The forces caught, their inner lines escape
In a fathomless consciousness beyond mind’s norm. Probe it and you shall meet a Being still
Infinite, nameless, mute, and unknowable. (CP 168)
Aurobindo differs from his times as he tries to work out a larger meaning of human life on earth. What he tries to propagate through his poetry is that man is not a mere speck in the universe that has come here by chance. He is a part of a cosmic plan. His existence on this earth has a larger meaning. The universe is not guided by chance events and blind forces. Behind formless is form and behind chance is design which human mind fails to comprehend. There is a crisis in the consciousness of man that prevents him see and understand the real meaning of his life. He teaches a higher meaning and purpose of life to the humanity. For this the horizon of man’s understanding has to be pushed forward.

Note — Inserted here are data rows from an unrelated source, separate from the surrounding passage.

(* Let $p(x_1,\ldots,x_n)$ be a polynomial in $x_1,x_1^{-1},\ldots,x_n,x_n^{-1}$ over $\mathbb{C}$ and fix $i$ with $1\le i\le n$. Consider the operator $\operatorname{Op}=\operatorname{id}+\Delta_{k_i}\,p(E_{k_1},\ldots,E_{k_n})$ on $\mathbb{C}[k_1,\ldots,k_n]$. Then $\operatorname{Op}$ is invertible, with inverse $$\operatorname{Op}^{-1}=\sum_{l=0}^{\infty}(-1)^l\Delta_{k_i}^l\,p(E_{k_1},\ldots,E_{k_n})^l,$$ where the $l=0$ term is $\operatorname{id}$. Moreover, for every $G\in\mathbb{C}[k_1,\ldots,k_n]$, $$\deg_{k_i}G=\deg_{k_i}\operatorname{Op}G=\deg_{k_i}\operatorname{Op}^{-1}G.$$
   Context: $E_{k_j}$ is the shift operator in the variable $k_j$, $E_{k_j}f(\ldots,k_j,\ldots)=f(\ldots,k_j+1,\ldots)$, with inverse $E_{k_j}^{-1}$; $\Delta_{k_j}=E_{k_j}-\operatorname{id}$. These operators commute, so $p(E_{k_1},\ldots,E_{k_n})$ is a well-defined operator on polynomials. Products of operators denote composition. *)

theory Defs
  imports Complex_Main "HOL-Library.Poly_Mapping"
begin

text \<open>Variable k_j (paper's k_{j+1}) is indexed by j :: nat.\<close>

type_synonym cpoly = "(nat \<Rightarrow>\<^sub>0 nat) \<Rightarrow>\<^sub>0 complex"

type_synonym claurent = "(nat \<Rightarrow>\<^sub>0 int) \<Rightarrow>\<^sub>0 complex"

definition Var :: "nat \<Rightarrow> cpoly" where
  "Var v = Poly_Mapping.single (Poly_Mapping.single v 1) 1"

definition Const :: "complex \<Rightarrow> cpoly" where
  "Const c = Poly_Mapping.single 0 c"

definition subst :: "(nat \<Rightarrow> cpoly) \<Rightarrow> cpoly \<Rightarrow> cpoly" where
  "subst \<sigma> G = sum (\<lambda>m::nat \<Rightarrow>\<^sub>0 nat. Const (Poly_Mapping.lookup G m) * prod (\<lambda>v::nat. \<sigma> v ^ Poly_Mapping.lookup m v) (Poly_Mapping.keys m)) (Poly_Mapping.keys G)"

definition vars :: "cpoly \<Rightarrow> nat set" where
  "vars G = \<Union> (Poly_Mapping.keys ` Poly_Mapping.keys G)"

definition lvars :: "claurent \<Rightarrow> nat set" where
  "lvars p = \<Union> (Poly_Mapping.keys ` Poly_Mapping.keys p)"

definition PolyRing :: "nat \<Rightarrow> cpoly set" where
  "PolyRing n = {G. vars G \<subseteq> {..<n}}"

text \<open>Degree in the variable k_i (degree of the zero polynomial taken as 0).\<close>
definition deg :: "nat \<Rightarrow> cpoly \<Rightarrow> nat" where
  "deg i G = Max (insert 0 ((\<lambda>m. Poly_Mapping.lookup m i) ` Poly_Mapping.keys G))"

definition Eop :: "nat \<Rightarrow> cpoly \<Rightarrow> cpoly" where
  "Eop j = subst (\<lambda>v. if v = j then Var v + 1 else Var v)"
(* Let $(A,\mu_A)$ and $(B,\mu_B)$ be associative algebras, $\alpha_A:A\to A$ and $\alpha_B:B\to B$ algebra maps, and $R:B\otimes A\to A\otimes B$ a twisting map satisfying $(\alpha_A\otimes\alpha_B)\circ R=R\circ(\alpha_B\otimes\alpha_A)$. Then $R$ is a Hom-twisting map between the Hom-associative algebras $A_{\alpha_A}$ and $B_{\alpha_B}$, and the Hom-associative algebras $A_{\alpha_A}\otimes_R B_{\alpha_B}$ and $(A\otimes_R B)_{\alpha_A\otimes\alpha_B}$ coincide.
   Context: Algebras over a field $k$, not assumed unital. A Hom-associative algebra is $(A,\mu,\alpha)$ with $\alpha(aa')=\alpha(a)\alpha(a')$ and $\alpha(a)(a'a'')=(aa')\alpha(a'')$. For an associative algebra $(A,\mu)$ and algebra endomorphism $\alpha$, $A_\alpha$ denotes the Hom-associative algebra $(A,\alpha\circ\mu,\alpha)$. A twisting map between associative algebras $A,B$ is a linear $R:B\otimes A\to A\otimes B$ with $R\circ(\mathrm{id}_B\otimes\mu_A)=(\mu_A\otimes\mathrm{id}_B)\circ(\mathrm{id}_A\otimes R)\circ(R\otimes\mathrm{id}_A)$ and $R\circ(\mu_B\otimes\mathrm{id}_A)=(\mathrm{id}_A\otimes\mu_B)\circ(R\otimes\mathrm{id}_B)\circ(\mathrm{id}_B\otimes R)$; the twisted tensor product $A\otimes_R B$ is the associative algebra $A\otimes B$ with product $(\mu_A\otimes\mu_B)\circ(\mathrm{id}_A\otimes R\otimes\mathrm{id}_B)$. For Hom-associative algebras $(A,\mu_A,\alpha_A),(B,\mu_B,\alpha_B)$, a Hom-twisting map is a linear $R:B\otimes A\to A\otimes B$ with $(\alpha_A\otimes\alpha_B)\circ R=R\circ(\alpha_B\otimes\alpha_A)$, $R\circ(\alpha_B\otimes\mu_A)=(\mu_A\otimes\alpha_B)\circ(\mathrm{id}_A\otimes R)\circ(R\otimes\mathrm{id}_A)$, $R\circ(\mu_B\otimes\alpha_A)=(\alpha_A\otimes\mu_B)\circ(R\otimes\mathrm{id}_B)\circ(\mathrm{id}_B\otimes R)$; the Hom-twisted tensor product $A\otimes_R B$ is $A\otimes B$ with product $(\mu_A\otimes\mu_B)\circ(\mathrm{id}_A\otimes R\otimes\mathrm{id}_B)$ and structure map $\alpha_A\otimes\alpha_B$. *)

theory Defs
  imports Complex_Main "HOL-Library.Poly_Mapping"
begin
definition vdot :: "complex vec \<Rightarrow> complex vec \<Rightarrow> complex" where
  "vdot u v = (\<Sum>i<dim_vec v. cnj (u $ i) * v $ i)"

text \<open>U \<otimes> I_K on C^N \<otimes> C^K, system index a and ancilla index b combined as a*K+b.\<close>
definition kron_id :: "nat \<Rightarrow> complex mat \<Rightarrow> complex mat" where
  "kron_id K U = mat (dim_row U * K) (dim_col U * K)
     (\<lambda>(i, j). if i mod K = j mod K then U $$ (i div K, j div K) else 0)"

text \<open>Final state of the algorithm: V_q (U\<otimes>I) ... V_1 (U\<otimes>I) V_0 psi, with q = length Vs.\<close>
definition final_state :: "complex mat \<Rightarrow> nat \<Rightarrow> complex vec \<Rightarrow> complex mat \<Rightarrow> complex mat list \<Rightarrow> complex vec" where
  "final_state U K \<psi> V0 Vs = foldl (\<lambda>\<phi> V. V *\<^sub>v (kron_id K U *\<^sub>v \<phi>)) (V0 *\<^sub>v \<psi>) Vs"

text \<open>Two-outcome measurement: accepting POVM effect E, 0 \<le> E \<le> I.\<close>
definition is_effect :: "nat \<Rightarrow> complex mat \<Rightarrow> bool" where
  "is_effect n E \<longleftrightarrow> E \<in> carrier_mat n n \<and> mat_adjoint E = E \<and>
     (\<forall>x\<in>carrier_vec n. 0 \<le> Re (vdot x (E *\<^sub>v x)) \<and> Re (vdot x (E *\<^sub>v x)) \<le> Re (vdot x x))"

definition accept_prob :: "complex mat \<Rightarrow> nat \<Rightarrow> complex vec \<Rightarrow> complex mat \<Rightarrow> complex mat list \<Rightarrow> complex mat \<Rightarrow> real" where
  "accept_prob U K \<psi> V0 Vs E = (let \<phi> = final_state U K \<psi> V0 Vs in Re (vdot \<phi> (E *\<^sub>v \<phi>)))"

definition valid_alg :: "nat \<Rightarrow> nat \<Rightarrow> nat \<Rightarrow> complex vec \<Rightarrow> complex mat \<Rightarrow> complex mat list \<Rightarrow> complex mat \<Rightarrow> bool" where
  "valid_alg N q K \<psi> V0 Vs E \<longleftrightarrow>
     K \<ge> 1 \<and> \<psi> \<in> carrier_vec (N * K) \<and> vdot \<psi> \<psi> = 1 \<and>
     unitary_mat (N * K) V0 \<and> length Vs = q \<and> (\<forall>V\<in>set Vs. unitary_mat (N * K) V) \<and>
     is_effect (N * K) E"

definition eps_tests :: "nat \<Rightarrow> complex mat set \<Rightarrow> real \<Rightarrow> nat \<Rightarrow> bool" where
  "eps_tests N S \<epsilon> q \<longleftrightarrow>
     (\<exists>K \<psi> V0 Vs E. valid_alg N q K \<psi> V0 Vs E \<and>
        (\<forall>U. unitary_mat N U \<longrightarrow>
           (has_property S U \<longrightarrow> accept_prob U K \<psi> V0 Vs E \<ge> 2/3) \<and>
           (eps_far N \<epsilon> S U \<longrightarrow> accept_prob U K \<psi> V0 Vs E \<le> 1/3)))"

end

theory Submission
  imports Defs
begin

(* With t queries, prepare t copies of the maximally
   entangled state phi on C^N (x) C^N and apply the black box U (x) I to each copy; this
   yields the t-fold Choi state |U>^t, and <W|U>^t = (tr(W^dagger U)/N)^t.  Then measure the
   effect E = 2/3 sum_i |W_i>^t <W_i|^t.
   (1) E is a legal measurement (E <= I): the states |W_i>^t have pairwise overlaps at most
       eta = (1 - m)^t, and a Bessel-type inequality for nearly orthonormal families bounds
       sum_i |<W_i|x>|^2 by (1 + M eta) |x|^2 <= 3/2 |x|^2 once 2 M eta <= 1.
   (2) If U = e^{i theta} W_k, the k-th term alone gives acceptance probability >= 2/3.
   (3) If U is eps-far from every W_i, then |tr(W_i^dagger U)|/N <= 1 - eps^2, so every
       term is at most (1 - m)^{2t} <= 1/(2M) and the acceptance probability is <= 1/3.
   Here m = min(eps^2, delta), and t = ceil(ln(2M)/m) <= 4 ln M / m makes (1 - m)^t <= 1/(2M). *)

section \<open>Index arithmetic for the Kronecker layout\<close>

text \<open>Matrices and adjoints entry-wise; the library defines the adjoint via rows.\<close>
lemma mat_adjoint_alt: "mat_adjoint A = mat (dim_col A) (dim_row A) (\<lambda>(i,j). cnj (A $$ (j,i)))"
  by (rule eq_matI) (auto simp: mat_adjoint_def mat_of_rows_def)

lemma sum_nat_mult_split:
  fixes A B :: nat shows "(\<Sum>n<A*B. f n) = (\<Sum>i<A. \<Sum>j<B. f (i*B+j))"
proof (induction A)
  case 0 then show ?case by simp
next
  case (Suc A)
  have "(\<Sum>n<Suc A * B. f n) = (\<Sum>n<A*B + B. f n)" by (simp add: add.commute)
  also have "\<dots> = (\<Sum>n<A*B. f n) + (\<Sum>n=A*B..<A*B+B. f n)"
    using sum.atLeastLessThan_concat[of 0 "A*B" "A*B+B" f] by (simp add: atLeast0LessThan)
  also have "(\<Sum>n=A*B..<A*B+B. f n) = (\<Sum>j<B. f (A*B+j))"
    using sum.shift_bounds_nat_ivl[of f 0 "A*B" B] by (simp add: atLeast0LessThan add.commute)
  finally show ?case using Suc by simp
qed

lemma pair_index_div_mod:
  fixes i j B :: nat assumes "j < B" shows "(i*B+j) div B = i" "(i*B+j) mod B = j"
  using assms by (auto simp: add.commute[of "i*B"])

lemma pair_index_less:
  fixes i j A B :: nat assumes "i < A" "j < B" shows "i * B + j < A * B"
proof -
  have "i * B + j < (i+1)*B" using assms by simp
  also have "\<dots> \<le> A * B" using assms by (intro mult_right_mono) auto
  finally show ?thesis .
qed

lemma vec_eq_pair_indexI:
  assumes "dim_vec v = A * B" "dim_vec w = A * B"
    and "\<And>i j. i < A \<Longrightarrow> j < B \<Longrightarrow> v $ (i*B+j) = w $ (i*B+j)"
  shows "v = w"
proof (rule eq_vecI)
  show "dim_vec v = dim_vec w" using assms by simp
  fix n assume n: "n < dim_vec w"
  then have "B > 0" using assms by (cases "B = 0") auto
  then have "n div B < A" "n mod B < B" using n assms by (auto simp: less_mult_imp_div_less)
  moreover have "n = (n div B) * B + n mod B" by simp
  ultimately show "v $ n = w $ n" using assms(3) by metis
qed

lemma vdot_swap: "dim_vec u = dim_vec v \<Longrightarrow> vdot v u = cnj (vdot u v)"
  by (simp add: vdot_def mult.commute)

lemma vdot_self: "vdot x x = complex_of_real (\<Sum>i<dim_vec x. (cmod (x $ i))^2)"
  unfolding vdot_def of_real_sum complex_norm_square by (simp add: mult.commute)

lemma cnj_mult_self: "cnj z * z = complex_of_real ((cmod z)^2)"
  unfolding complex_norm_square by (rule mult.commute)

lemma vdot_self_nonneg: "0 \<le> Re (vdot x x)"
  by (simp add: vdot_self sum_nonneg)

definition vec_tensor :: "complex vec \<Rightarrow> complex vec \<Rightarrow> complex vec" where
  "vec_tensor x y = vec (dim_vec x * dim_vec y) (\<lambda>n. x $ (n div dim_vec y) * y $ (n mod dim_vec y))"

definition tensor_unit :: "complex vec" where "tensor_unit = vec 1 (\<lambda>_. 1)"

lemma dim_vec_tensor[simp]: "dim_vec (vec_tensor x y) = dim_vec x * dim_vec y"
  by (simp add: vec_tensor_def)

lemma vec_tensor_index:
  "i < dim_vec x \<Longrightarrow> j < dim_vec y \<Longrightarrow> vec_tensor x y $ (i * dim_vec y + j) = x $ i * y $ j"
  by (simp add: vec_tensor_def pair_index_div_mod pair_index_less)

lemma vec_tensor_unit_left[simp]: "vec_tensor tensor_unit y = y"
  by (rule eq_vecI) (auto simp: vec_tensor_def tensor_unit_def)

lemma vec_tensor_unit_right[simp]: "vec_tensor x tensor_unit = x"
  by (rule eq_vecI) (auto simp: vec_tensor_def tensor_unit_def)

lemma vdot_tensor_unit[simp]: "vdot tensor_unit tensor_unit = 1"
  by (simp add: vdot_def tensor_unit_def)

lemma vdot_vec_tensor:
  assumes "dim_vec x' = dim_vec x" "dim_vec y' = dim_vec y"
  shows "vdot (vec_tensor x y) (vec_tensor x' y') = vdot x x' * vdot y y'"
proof -
  have "vdot (vec_tensor x y) (vec_tensor x' y') =
      (\<Sum>i<dim_vec x. \<Sum>j<dim_vec y. (cnj (x $ i) * x' $ i) * (cnj (y $ j) * y' $ j))"
    unfolding vdot_def using assms vec_tensor_index[of _ x' _ y']
    by (simp add: sum_nat_mult_split vec_tensor_index mult_ac)
  also have "\<dots> = vdot x x' * vdot y y'"
    unfolding vdot_def using assms by (simp add: sum_product)
  finally show ?thesis .
qed

lemma vec_tensor_assoc:
  "vec_tensor (vec_tensor x y) z = vec_tensor x (vec_tensor y z)"
proof (rule vec_eq_pair_indexI[of _ "dim_vec x * dim_vec y" "dim_vec z"])
  fix i k assume i: "i < dim_vec x * dim_vec y" and k: "k < dim_vec z"
  define a b where "a = i div dim_vec y" and "b = i mod dim_vec y"
  have "dim_vec y > 0" using i by (cases "dim_vec y = 0") auto
  then have ab: "a < dim_vec x" "b < dim_vec y" "i = a * dim_vec y + b"
    using i by (auto simp: a_def b_def less_mult_imp_div_less)
  have e: "i * dim_vec z + k = a * (dim_vec y * dim_vec z) + (b * dim_vec z + k)"
    using ab by (simp add: algebra_simps)
  have bk: "b * dim_vec z + k < dim_vec y * dim_vec z" using ab k pair_index_less by blast
  have "vec_tensor (vec_tensor x y) z $ (i * dim_vec z + k) = x $ a * (y $ b * z $ k)"
    using vec_tensor_index[of i "vec_tensor x y" k z] vec_tensor_index[of a x b y] i k ab
    by (simp add: mult.assoc)
  moreover have "vec_tensor x (vec_tensor y z) $ (i * dim_vec z + k) = x $ a * (y $ b * z $ k)"
    unfolding e using vec_tensor_index[of a x "b * dim_vec z + k" "vec_tensor y z"]
      vec_tensor_index[of b y k z] ab k bk by simp
  ultimately show "vec_tensor (vec_tensor x y) z $ (i * dim_vec z + k) =
      vec_tensor x (vec_tensor y z) $ (i * dim_vec z + k)" by simp
qed auto

fun tensor_power :: "complex vec \<Rightarrow> nat \<Rightarrow> complex vec" where
  "tensor_power x 0 = tensor_unit"
| "tensor_power x (Suc k) = vec_tensor x (tensor_power x k)"

lemma dim_tensor_power[simp]: "dim_vec (tensor_power x k) = dim_vec x ^ k"
  by (induction k) (auto simp: tensor_unit_def)

lemma tensor_power_Suc_right: "tensor_power x (Suc k) = vec_tensor (tensor_power x k) x"
proof (induction k)
  case (Suc k)
  have "tensor_power x (Suc (Suc k)) = vec_tensor x (vec_tensor (tensor_power x k) x)"
    using Suc.IH by simp
  also have "\<dots> = vec_tensor (tensor_power x (Suc k)) x" by (simp add: vec_tensor_assoc)
  finally show ?case .
qed simp

lemma vdot_tensor_power:
  "dim_vec y = dim_vec x \<Longrightarrow> vdot (tensor_power x k) (tensor_power y k) = (vdot x y) ^ k"
  by (induction k) (simp_all add: vdot_vec_tensor)

lemma sum_delta_mult:
  fixes w :: "nat \<Rightarrow> complex"
  assumes "k < K" shows "(\<Sum>r<K. (if k = r then u else 0) * w r) = u * w k"
proof -
  have "(\<Sum>r<K. (if k = r then u else 0) * w r) = (\<Sum>r<K. if k = r then u * w r else 0)"
    by (intro sum.cong) auto
  then show ?thesis using assms by (simp add: sum.delta)
qed
lemma unif_rate_mult_current_mgf_factor:
  assumes "n \<ge> 3"
  shows "unif_rate n \<theta> * (current_mgf_factor n \<theta> K - 1) = real n powr (2 - \<theta>) * (exp K - 1)"
proof -
  have "real n powr (2 - \<theta>) = (real n)\<^sup>2 * real n powr (- \<theta>)"
    using assms by (simp add: powr_diff powr_minus divide_inverse)
  then show ?thesis
    using unif_M_pos[OF assms, of \<theta>] by (simp add: unif_rate_def current_mgf_factor_def)
qed

lemma current_bnd_step_le:
  assumes "s' \<in> set_pmf (bnd_step n \<alpha> \<beta> l s)"
  shows "current side s' \<le> current side s + (if l = side then 1 else 0)"
proof -
  obtain \<eta> a b where s: "s = (\<eta>, a, b)" by (cases s) auto
  show ?thesis using assms unfolding s bnd_step_def Let_def
    by (auto simp: current_def split: if_splits)
qed

lemma exp_current_bnd_step_le:
  fixes K :: real
  assumes "K \<ge> 0"
  shows "(\<integral>\<^sup>+s'. ennreal (exp (K * current side s')) \<partial>bnd_step n \<alpha> \<beta> l s)
    \<le> ennreal (exp (K * current side s) * (if l = side then exp K else 1))"
proof (rule nn_integral_measure_pmf_le_bound)
  fix s' assume s': "s' \<in> set_pmf (bnd_step n \<alpha> \<beta> l s)"
  have "real_of_int (current side s') \<le> current side s + (if l = side then 1 else 0)"
    using current_bnd_step_le[OF s', of side] by (cases "l = side") auto
  then have "K * current side s' \<le> K * (current side s + (if l = side then 1 else 0))"
    using assms by (rule mult_left_mono)
  then show "ennreal (exp (K * current side s'))
      \<le> ennreal (exp (K * current side s) * (if l = side then exp K else 1))"
    by (auto intro!: ennreal_leI simp: distrib_left simp flip: exp_add)
qed
lemma has_sum_mu_q_eis_rat_zero:
  fixes q :: real and z :: complex
  assumes "1 < q" "norm z < 1" "1 < q * norm z"
  shows "((\<lambda>n. of_real (mu_q q n) * eis_rat (of_real q) n z) has_sum 0) UNIV"
proof -
  define p where "p = complex_of_real q"
  define C where "C = (1 - z\<^sup>2) / (1 - p\<^sup>2 * z\<^sup>2)"
  let ?u = "1 / (p * z)" and ?A = "(p\<^sup>2 - 1) / (2 * p)" and ?B = "(p\<^sup>2 - 1) / 2 * C"
  have "p \<noteq> 0" "z \<noteq> 0" "z \<noteq> 1" using assms by (auto simp: p_def)
  have "norm (p * z) = q * norm z" using assms by (simp add: p_def norm_mult)
  then have "norm ?u < 1" "p * z \<noteq> 1" "p * z \<noteq> -1"
    using assms by (auto simp: norm_divide)
  have summand: "of_real (mu_q q n) * eis_rat p n z = ?A * ?u ^ n + ?B * z ^ n" if "n \<in> {1..}" for n
  proof -
    have "of_real (mu_q q n) * eis_rat p n z
        = (p\<^sup>2 - 1) / (2 * p ^ Suc n) * (1 / z ^ n + p ^ Suc n * z ^ n * C)"
      using that by (simp add: mu_q_def eis_rat_def p_def C_def)
    also have "\<dots> = ?A * ?u ^ n + ?B * z ^ n"
      using \<open>p \<noteq> 0\<close> \<open>z \<noteq> 0\<close> by (simp add: field_simps power_mult_distrib)
    finally show ?thesis .
  qed
  have "((\<lambda>n. ?A * ?u ^ n + ?B * z ^ n) has_sum ?A * (?u / (1 - ?u)) + ?B * (z / (1 - z))) {1..}"
    using \<open>norm ?u < 1\<close> assms(2)
    by (intro has_sum_add has_sum_cmult_right has_sum_geometric_from_1)
  then have "((\<lambda>n. of_real (mu_q q n) * eis_rat p n z)
      has_sum ?A * (?u / (1 - ?u)) + ?B * (z / (1 - z))) {1..}"
    by (rule has_sum_cong[THEN iffD1, rotated]) (simp add: summand)
  moreover have "((\<lambda>n. of_real (mu_q q n) * eis_rat p n z) has_sum (p - 1) / (2 * p) * (1 + p * C)) {0}"
    by (rule has_sum_finiteI) (simp_all add: mu_q_def eis_rat_def C_def p_def)
  ultimately have "((\<lambda>n. of_real (mu_q q n) * eis_rat p n z)
      has_sum (p - 1) / (2 * p) * (1 + p * C) + (?A * (?u / (1 - ?u)) + ?B * (z / (1 - z))))
      ({0} \<union> {1..})"
    by (intro has_sum_Un_disjoint) auto
  moreover have "{0} \<union> {1..} = (UNIV :: nat set)" by auto
  ultimately show ?thesis
    using mu_q_eis_rat_series_identity[of p z] \<open>p \<noteq> 0\<close> \<open>z \<noteq> 0\<close> \<open>z \<noteq> 1\<close>
      \<open>p * z \<noteq> 1\<close> \<open>p * z \<noteq> -1\<close>
    by (simp add: p_def C_def mult.assoc)
qed

lemma norm_powr_critical_line:
  fixes Q :: real and s :: complex
  assumes "1 < Q" "Re s = 1/2"
  shows "norm (of_real Q powr - s) < 1" "1 < Q * norm (of_real Q powr - s)"
proof -
  have "norm (of_real Q powr - s) = Q powr - (1/2)"
    using assms(1) by (simp add: norm_powr_real_powr assms(2))
  moreover have "Q powr - (1/2) < 1" "1 < Q powr (1 + - (1/2))"
    using powr_less_cancel_iff[of Q "- (1/2)" 0] powr_less_cancel_iff[of Q 0 "1 + - (1/2)"] assms(1)
    by simp_all
  ultimately show "norm (of_real Q powr - s) < 1" "1 < Q * norm (of_real Q powr - s)"
    using assms(1) by (simp_all add: powr_mult_base)
qed

theorem lemma5p1:
  fixes E :: "nat \<Rightarrow> complex \<Rightarrow> complex" and \<theta> :: real
  assumes q_odd: "odd CARD('a::{field,finite})"
    and E_series: "\<And>n s. Re s > 1 \<Longrightarrow>
        ((\<lambda>cd. complex_of_real (psi_n n cd) powr s) has_sum E n s)
          (coset_reps :: ('a poly \<times> 'a poly) set)"
    and E_holo: "\<And>n. \<exists>U. open U \<and> {s. Re s \<ge> 1/2} - eis_poles (real CARD('a)) \<subseteq> U
                        \<and> E n holomorphic_on U"
  shows "((\<lambda>n. complex_of_real (mu_q (real CARD('a)) n)
              * E n (1/2 + \<i> * of_real (\<theta> / ln (real CARD('a))))) has_sum 0) UNIV"
proof -
  define Q where "Q = real CARD('a)"
  define s where "s = 1/2 + \<i> * of_real (\<theta> / ln Q)"
  define z where "z = of_real Q powr - s"
  have "1 < Q" using card_ge_2_field[where 'a='a] by (simp add: Q_def)
  have E_s: "E n s = eis_rat (of_real Q) n z" for n
  proof -
    obtain U where U: "open U" "{s. 1/2 \<le> Re s} - eis_poles Q \<subseteq> U" "E n holomorphic_on U"
      using E_holo[of n] unfolding Q_def by blast
    have real: "E n (of_real t) = eis_rat (of_real Q) n (of_real Q powr - of_real t)" if "1 < t" for t
      unfolding Q_def using E_series that by (rule eisenstein_eq_eis_rat_real)
    show ?thesis
      unfolding z_def by (rule eq_eis_rat_by_continuation[OF \<open>1 < Q\<close> real U]) (simp_all add: s_def)
  qed
  have "Re s = 1/2" by (simp add: s_def)
  then have "norm z < 1" "1 < Q * norm z"
    unfolding z_def using norm_powr_critical_line[OF \<open>1 < Q\<close>] by blast+
  then have "((\<lambda>n. of_real (mu_q Q n) * eis_rat (of_real Q) n z) has_sum 0) UNIV"
    using \<open>1 < Q\<close> by (intro has_sum_mu_q_eis_rat_zero)
  then show ?thesis unfolding Q_def[symmetric] s_def[symmetric] E_s .
qed

end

Man has to suspend his blind belief in rationality to comprehend the larger purpose of life. It is the evolution of the soul to the right consciousness that he talks of in his poetry. For this, faith is the pre-condition, to be accompanied by extinction of personality, self sacrifice
and surrender. It is this faith in the Supernatural, the Consciousness of the Invisible, the metaphysical and the spiritual domain around man that promises redemption and Divine mercy. Aurobindo with his ideas proposed a path of redemption for the whole of humanity by restoring man to religion. For the believers, the way to redemption was through faith and for the non believers the faithlessness ultimately precipitated into the absurdity and hopelessness.
Conclusion:
Aurobindo believed that human beings have a higher level of consciousness and
spirituality which is meant to manifest some higher form of life. The purpose is to unfold the order, the plan which leads to the realization that the universe has an idea which is already in God’s mind. Aurobindo wants us to have a second look at the state of affairs, to have a comprehensive, a larger view of life. Man cannot have the complete understanding of the cosmic mysteries through mental awareness but through the spiritual consciousness. It is the development of spiritual consciousness in man that Aurobindo talks of in his entire poetry.
Works Cited:
Abrams, M.H., et al., eds. The Norton Anthology of English Literature. 3rd ed. 2 vols. New York: W. W. Norton & Company Inc. 1974. Print.
Aurobindo, Sri.(1971). Collected Poems. Pondicherry: Sri Aurobindo Ashram Trust. Print. Aurobindo, Sri. (1993). Savitri. Pondicherry: Sri Aurobindo Ashram Trust. Print. Aurobindo, Sri. (1997). The Human Cycle. Pondicherry: Sri Aurobindo Ashram Trust. Print. Berdyaev, Nikolai. (1933). The End of Our Time, London: Sheed & Ward. Print. Shakespeare, William. Macbeth. Edt. Muir, Kenneth. London: Methuen and Co. Ltd. 1963. Print.
Yeats, W. B. Yeats’s Poems. Edt. Jeffares, A. Norman. London: Macmillan London Limited. 1989. Print.